American baseball player (born 1954)

Charles David Rainey (born July 14, 1954) is an American former professional baseball player who pitched in the Major Leagues from 1979 to 1984.

==Professional career==
Rainey was drafted in the first round (19th overall) of the 1974 amateur draft by the Boston Red Sox and made his MLB debut on April 8, 1979, at Cleveland Stadium against the Indians. He spent four seasons on the Boston pitching staff before being traded to the Chicago Cubs for Doug Bird in December 1982. Rainey had his most successful season as a starter in 1983 with the Cubs, leading the rotation with 14 wins. On August 24 of that year, against the Cincinnati Reds at Wrigley Field, he had a no-hitter broken up with two out in the ninth by an Eddie Milner single, the only hit Rainey would allow in a 3–0 Cub victory.
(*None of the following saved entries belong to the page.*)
(* Let $\mathfrak{H}$ be a Euclidean space and let $(\mathcal{X},\mathsf{S},\gamma,(\Lambda_{a})_{a\in\mathcal{A}})$ be a spectral decomposition system for $\mathfrak{H}$ such that the set $\{\Lambda_a\}_{a\in\mathcal{A}}$ is closed in $\mathscr{L}(\mathcal{X},\mathfrak{H})$. Let $\varphi\colon\mathcal{X}\to[-\infty,+\infty]$ be $\mathsf{S}$-invariant and let $X\in\mathfrak{H}$. Then: (i) $\partial_{\mathsf{F}}(\varphi\circ\gamma)(X)=\{\Lambda_a y: y\in\partial_{\mathsf{F}}\varphi(\gamma(X))\ \text{and}\ a\in\mathcal{A}_X\}$; (ii) $\partial_{\mathsf{L}}(\varphi\circ\gamma)(X)=\{\Lambda_a y: y\in\partial_{\mathsf{L}}\varphi(\gamma(X))\ \text{and}\ a\in\mathcal{A}_X\}$.
   Context: A Euclidean space is a finite-dimensional real Hilbert space; $\mathscr{L}(\mathcal{X},\mathfrak{H})$ carries the operator-norm topology. A spectral decomposition system for a Euclidean space $\mathfrak{H}$ is a tuple $(\mathcal{X},\mathsf{S},\gamma,(\Lambda_a)_{a\in\mathcal{A}})$ where $\mathcal{X}$ is a Euclidean space, $\mathsf{S}$ is a group acting on $\mathcal{X}$ such that each map $x\mapsto \mathsf{s}\cdot x$ is a linear isometry, $\gamma\colon\mathfrak{H}\to\mathcal{X}$ is a mapping, and each $\Lambda_a\colon\mathcal{X}\to\mathfrak{H}$ is a linear isometry, such that: [A] there exists a mapping $\tau\colon\mathcal{X}\to\mathcal{X}$ with $\tau(\mathsf{s}\cdot x)=\tau(x)$ for all $\mathsf{s},x$, $\tau(x)\in\mathsf{S}\cdot x$ for all $x$, and $\gamma\circ\Lambda_a=\tau$ for all $a\in\mathcal{A}$; [B] for every $X\in\mathfrak{H}$ there exists $a\in\mathcal{A}$ with $X=\Lambda_a\gamma(X)$; [C] $\langle X,Y\rangle\le\langle\gamma(X),\gamma(Y)\rangle$ for all $X,Y\in\mathfrak{H}$. $\mathcal{A}_X=\{a\in\mathcal{A}:X=\Lambda_a\gamma(X)\}$. A function $\varphi$ on $\mathcal{X}$ is $\mathsf{S}$-invariant if $\varphi(\mathsf{s}\cdot x)=\varphi(x)$ for all $\mathsf{s}\in\mathsf{S}$, $x\in\mathcal{X}$. For $f\colon\mathcal{H}\to[-\infty,+\infty]$ on a Euclidean space $\mathcal{H}$: the Fréchet subdifferential is $\partial_{\mathsf{F}}f(x)=\{y:\liminf_{z\to x,z\ne x}(f(z)-f(x)-\langle z-x,y\rangle)/\|z-x\|\ge0\}$ if $f(x)\in\mathbb{R}$ and $\varnothing$ otherwise; the limiting subdifferential $\partial_{\mathsf{L}}f(x)$, for $f(x)\in\mathbb{R}$, is the set of $y$ for which there exist $x_n\to x$ with $f(x_n)\to f(x)$ and $y_n\to y$ with $y_n\in\partial_{\mathsf{F}}f(x_n)$, and $\partial_{\mathsf{L}}f(x)=\varnothing$ if $f(x)\in\{\pm\infty\}$. *)

theory Defs
  imports "HOL-Analysis.Analysis" "HOL-Algebra.Group"
begin

definition frechet_subdiff :: "('a::euclidean_space \<Rightarrow> ereal) \<Rightarrow> 'a \<Rightarrow> 'a set" where
  "frechet_subdiff f x =
     (if \<bar>f x\<bar> \<noteq> \<infinity> then
        {y. Liminf (at x) (\<lambda>z. (f z - f x - ereal (inner (z - x) y)) / ereal (norm (z - x))) \<ge> 0}
      else {})"

definition limiting_subdiff :: "('a::euclidean_space \<Rightarrow> ereal) \<Rightarrow> 'a \<Rightarrow> 'a set" where
  "limiting_subdiff f x =
     (if \<bar>f x\<bar> \<noteq> \<infinity> then
        {y. \<exists>xs ys. xs \<longlonglongrightarrow> x \<and> (\<lambda>n. f (xs n)) \<longlonglongrightarrow> f x \<and> ys \<longlonglongrightarrow> y
              \<and> (\<forall>n. ys n \<in> frechet_subdiff f (xs n))}
      else {})"

definition linear_isometry :: "('a::real_normed_vector \<Rightarrow> 'b::real_normed_vector) \<Rightarrow> bool" where
  "linear_isometry L \<longleftrightarrow> linear L \<and> (\<forall>x. norm (L x) = norm x)"

definition isometric_group_action ::
  "('s, 'm) monoid_scheme \<Rightarrow> ('s \<Rightarrow> 'x::euclidean_space \<Rightarrow> 'x) \<Rightarrow> bool" where
  "isometric_group_action G act \<longleftrightarrow>
     group G \<and> (\<forall>x. act \<one>\<^bsub>G\<^esub> x = x)
     \<and> (\<forall>s\<in>carrier G. \<forall>t\<in>carrier G. \<forall>x. act (s \<otimes>\<^bsub>G\<^esub> t) x = act s (act t x))
     \<and> (\<forall>s\<in>carrier G. linear_isometry (act s))"

definition spectral_decomposition_system ::
  "('s, 'm) monoid_scheme \<Rightarrow> ('s \<Rightarrow> 'x::euclidean_space \<Rightarrow> 'x) \<Rightarrow> ('h::euclidean_space \<Rightarrow> 'x)
    \<Rightarrow> 'i set \<Rightarrow> ('i \<Rightarrow> 'x \<Rightarrow> 'h) \<Rightarrow> bool" where
  "spectral_decomposition_system G act \<gamma> A \<Lambda> \<longleftrightarrow>
     isometric_group_action G act
     \<and> (\<forall>a\<in>A. linear_isometry (\<Lambda> a))
     \<and> (\<exists>\<tau>. (\<forall>s\<in>carrier G. \<forall>x. \<tau> (act s x) = \<tau> x)
            \<and> (\<forall>x. \<exists>s\<in>carrier G. \<tau> x = act s x)
            \<and> (\<forall>a\<in>A. \<gamma> \<circ> \<Lambda> a = \<tau>))
     \<and> (\<forall>X. \<exists>a\<in>A. X = \<Lambda> a (\<gamma> X))
     \<and> (\<forall>X Y. inner X Y \<le> inner (\<gamma> X) (\<gamma> Y))"

definition index_set_at :: "'i set \<Rightarrow> ('i \<Rightarrow> 'x \<Rightarrow> 'h) \<Rightarrow> ('h \<Rightarrow> 'x) \<Rightarrow> 'h \<Rightarrow> 'i set" where
  "index_set_at A \<Lambda> \<gamma> X = {a\<in>A. X = \<Lambda> a (\<gamma> X)}"

definition S_invariant :: "('s, 'm) monoid_scheme \<Rightarrow> ('s \<Rightarrow> 'x \<Rightarrow> 'x) \<Rightarrow> ('x \<Rightarrow> 'c) \<Rightarrow> bool" where
  "S_invariant G act \<phi> \<longleftrightarrow> (\<forall>s\<in>carrier G. \<forall>x. \<phi> (act s x) = \<phi> x)"

end

theory Submission
  imports Defs
begin

text \<open>
  Write \<open>\<psi> = \<phi> \<circ> \<gamma>\<close>. Since \<open>\<gamma> \<circ> \<Lambda>\<^sub>a = \<tau>\<close> maps every point into its own orbit and
  \<open>\<phi>\<close> is invariant, \<open>\<psi> \<circ> \<Lambda>\<^sub>a = \<phi>\<close>; as \<open>\<Lambda>\<^sub>a\<close> is a linear isometry, \<open>\<Lambda>\<^sub>a y \<in> \<partial>\<psi>(\<Lambda>\<^sub>a x)\<close>
  implies \<open>y \<in> \<partial>\<phi>(x)\<close>.

  Conversely, let \<open>y \<in> \<partial>\<phi>(x)\<close> and let \<open>Z\<close> be close to \<open>\<Lambda>\<^sub>a x\<close>. Put \<open>t = |Z - \<Lambda>\<^sub>a x| / e\<close> and
  choose \<open>s\<close> with \<open>\<tau>(x + t y) = s \<cdot> (x + t y)\<close>. The inequality
  \<open>\<langle>X, Y\<rangle> \<le> \<langle>\<gamma> X, \<gamma> Y\<rangle>\<close>, applied to \<open>Z\<close> and \<open>\<Lambda>\<^sub>a (x + t y)\<close>, shows that the point
  \<open>w = s\<inverse> \<cdot> \<gamma> Z\<close> of the orbit of \<open>\<gamma> Z\<close> satisfies
  \<open>\<langle>w - x, y\<rangle> \<ge> \<langle>Z - \<Lambda>\<^sub>a x, \<Lambda>\<^sub>a y\<rangle> - e |Z - \<Lambda>\<^sub>a x| / 2\<close> and \<open>|w - x| = O(|Z - \<Lambda>\<^sub>a x|)\<close>;
  since \<open>\<psi> Z = \<phi> w\<close>, the Frechet inequality for \<open>\<phi>\<close> at \<open>x\<close> transfers to \<open>\<psi>\<close> at \<open>\<Lambda>\<^sub>a x\<close>.

  Finally let \<open>Y \<in> \<partial>\<psi>(X)\<close> and decompose \<open>X + t Y = \<Lambda>\<^bsub>c t\<^esub> (\<gamma> (X + t Y))\<close>. The points
  \<open>\<Lambda>\<^bsub>c t\<^esub> (\<gamma> X)\<close> have the same \<open>\<psi>\<close>-value as \<open>X\<close> and lie at distance \<open>d\<close> with
  \<open>d\<^sup>2 \<le> 2 t \<langle>\<Lambda>\<^bsub>c t\<^esub> (\<gamma> X) - X, Y\<rangle>\<close>, so the Frechet inequality at \<open>X\<close> forces \<open>d = o(t)\<close>.
  Hence \<open>Y\<close> is the limit of \<open>\<Lambda>\<^bsub>c t\<^esub>\<close> applied to the bounded difference quotients of \<open>\<gamma>\<close>
  along \<open>X + t Y\<close>; the closed, bounded and therefore compact family \<open>{\<Lambda>\<^sub>a}\<close> yields a
  limit index \<open>a \<in> A\<^sub>X\<close> with \<open>Y \<in> \<Lambda>\<^sub>a \<partial>\<phi>(\<gamma> X)\<close>. The limiting subdifferential is handled by
  running these arguments along the approximating sequences.
\<close>

section \<open>Frechet and limiting subdifferentials\<close>

lemma frechet_subdiff_finite:
  assumes "y \<in> frechet_subdiff f x"
  obtains v where "f x = ereal v"
  using assms unfolding frechet_subdiff_def by (cases "f x") (auto split: if_splits)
The no-hitter would have been the first by a Cub (and the first one the Cubs had been involved in) since Milt Pappas in 1972.

Midway through the 1984 season Rainey was traded (along with a player to be named later) to the Oakland Athletics for Davey Lopes. The Cubs later sent minor leaguer Damon Farmar to the Athletics, completing the trade.

Rainey's final MLB appearance was on September 9, 1984, as the Indians downed the Athletics 7 - 5.